DIRECTIONS FOR THIS TASK: Examine each line of the listing below. Copy those in which the string "lemma" appears.

RECORDS SUPPLIED:

lemma has_partial_div_power_other:
  assumes "homogeneous_poly m d f" "1 \<le> m" "m < j"
  shows "has_partial (\<lambda>q. f q / q 1 ^ e) j p 0"
proof -
  have "f (p(j := t)) / (p(j := t)) 1 ^ e = f p / p 1 ^ e" for t
    using assms homogeneous_poly_fun_upd_other[OF assms(1), of j p t] by simp
  then show ?thesis unfolding has_partial_def by simp
qed

lemma has_partial_G_poly_last:
  assumes "1 \<le> k" "p 1 \<noteq> 0"
  shows "has_partial (\<lambda>q. G_poly mu k q / q 1 ^ k) (k + 1) p (1 / p 1)"
proof -
  have "G_poly mu k (p(k + 1 := t)) / (p(k + 1 := t)) 1 ^ k =
      (G_poly mu k p + p 1 ^ (k - 1) * (t - p (k + 1))) / p 1 ^ k" for t
    using G_poly_fun_upd_last[OF assms(1), of mu p t] assms(1) by simp
  moreover have "((\<lambda>t. (G_poly mu k p + p 1 ^ (k - 1) * (t - p (k + 1))) / p 1 ^ k)
      has_real_derivative (p 1 ^ (k - 1) / p 1 ^ k)) (at (p (k + 1)))"
    using assms(2) by (auto intro!: derivative_eq_intros)
  moreover have "p 1 ^ (k - 1) / p 1 ^ k = 1 / p 1"
    using assms by (cases k) auto
  ultimately show ?thesis
    unfolding has_partial_def by simp
qed

lemma triangular_combination_eq_zero:
  fixes D :: "nat \<Rightarrow> nat \<Rightarrow> real"
  assumes "\<And>k. k \<in> {1..r} \<Longrightarrow> D k (k + 1) \<noteq> 0"
    and "\<And>k j. k \<in> {1..r} \<Longrightarrow> k + 1 < j \<Longrightarrow> j \<le> r + 1 \<Longrightarrow> D k j = 0"
    and "\<And>j. j \<in> {1..r + 1} \<Longrightarrow> (\<Sum>k = 1..r. c k * D k j) = 0"
    and "k \<in> {1..r}"
  shows "c k = 0"
  using assms
proof (induction r arbitrary: k)
  case 0
  then show ?case by simp
next
  case (Suc r)
  have "(\<Sum>i = 1..r. c i * D i (Suc r + 1)) = 0"
    using Suc.prems(2) by (intro sum.neutral) auto
  then have "c (Suc r) * D (Suc r) (Suc r + 1) = 0"
    using Suc.prems(3)[of "Suc r + 1"] by simp
  then have last: "c (Suc r) = 0"
    using Suc.prems(1)[of "Suc r"] by simp
  show ?case
  proof (cases "k = Suc r")
    case False
    have "(\<Sum>i = 1..r. c i * D i j) = 0" if "j \<in> {1..r + 1}" for j
      using Suc.prems(3)[of j] that last by simp
    show ?thesis
    proof (rule Suc.IH)
      show "D i (i + 1) \<noteq> 0" if "i \<in> {1..r}" for i
        using Suc.prems(1) that by simp
      show "D i j = 0" if "i \<in> {1..r}" "i + 1 < j" "j \<le> r + 1" for i j
        using Suc.prems(2) that by simp
      show "k \<in> {1..r}"
        using Suc.prems(4) False by auto
    qed fact
  qed (use last in simp)
qed

lemma func_indep_at_triangular:
  assumes "r < n"
    and exists: "\<And>k j. k \<in> {1..r} \<Longrightarrow> j \<in> {1..n} \<Longrightarrow> \<exists>d. has_partial (J k) j p d"
    and diagonal: "\<And>k. k \<in> {1..r} \<Longrightarrow> \<exists>d. d \<noteq> 0 \<and> has_partial (J k) (k + 1) p d"
    and above: "\<And>k j. k \<in> {1..r} \<Longrightarrow> k + 1 < j \<Longrightarrow> has_partial (J k) j p 0"
  shows "func_indep_at n r J p"
proof -
  define D where "D k j = (SOME d. has_partial (J k) j p d)" for k j
  have D: "has_partial (J k) j p (D k j)" if "k \<in> {1..r}" "j \<in> {1..n}" for k j
    unfolding D_def using exists[OF that] by (rule someI_ex)
  have diagonal_D: "D k (k + 1) \<noteq> 0" if k: "k \<in> {1..r}" for k
  proof -
    obtain d where d: "d \<noteq> 0" "has_partial (J k) (k + 1) p d"
      using diagonal[OF k] by blast
    have "has_partial (J k) (k + 1) p (D k (k + 1))"
      using D k assms(1) by simp
    then have "D k (k + 1) = d" using d(2) by (rule has_partial_unique)
    with d(1) show ?thesis by simp
  qed
  have above_D: "D k j = 0" if "k \<in> {1..r}" "k + 1 < j" "j \<le> r + 1" for k j
  proof -
    have "has_partial (J k) j p (D k j)"
      using D that assms(1) by simp
    from this above[OF that(1,2)] show ?thesis by (rule has_partial_unique)
  qed
  have "c k = 0"
    if sums: "\<forall>j\<in>{1..n}. (\<Sum>k = 1..r. c k * D k j) = 0" and k: "k \<in> {1..r}" for c k
  proof -
    have "(\<Sum>k = 1..r. c k * D k j) = 0" if "j \<in> {1..r + 1}" for j
      using sums that assms(1) by simp
    from diagonal_D above_D this k show ?thesis by (rule triangular_combination_eq_zero)
  qed
  with D show ?thesis
    unfolding func_indep_at_def by (intro exI[of _ D] conjI ballI allI impI) auto
qed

WRITTEN ANSWER:
lemma has_partial_div_power_other:
lemma has_partial_G_poly_last:
lemma triangular_combination_eq_zero:
lemma func_indep_at_triangular:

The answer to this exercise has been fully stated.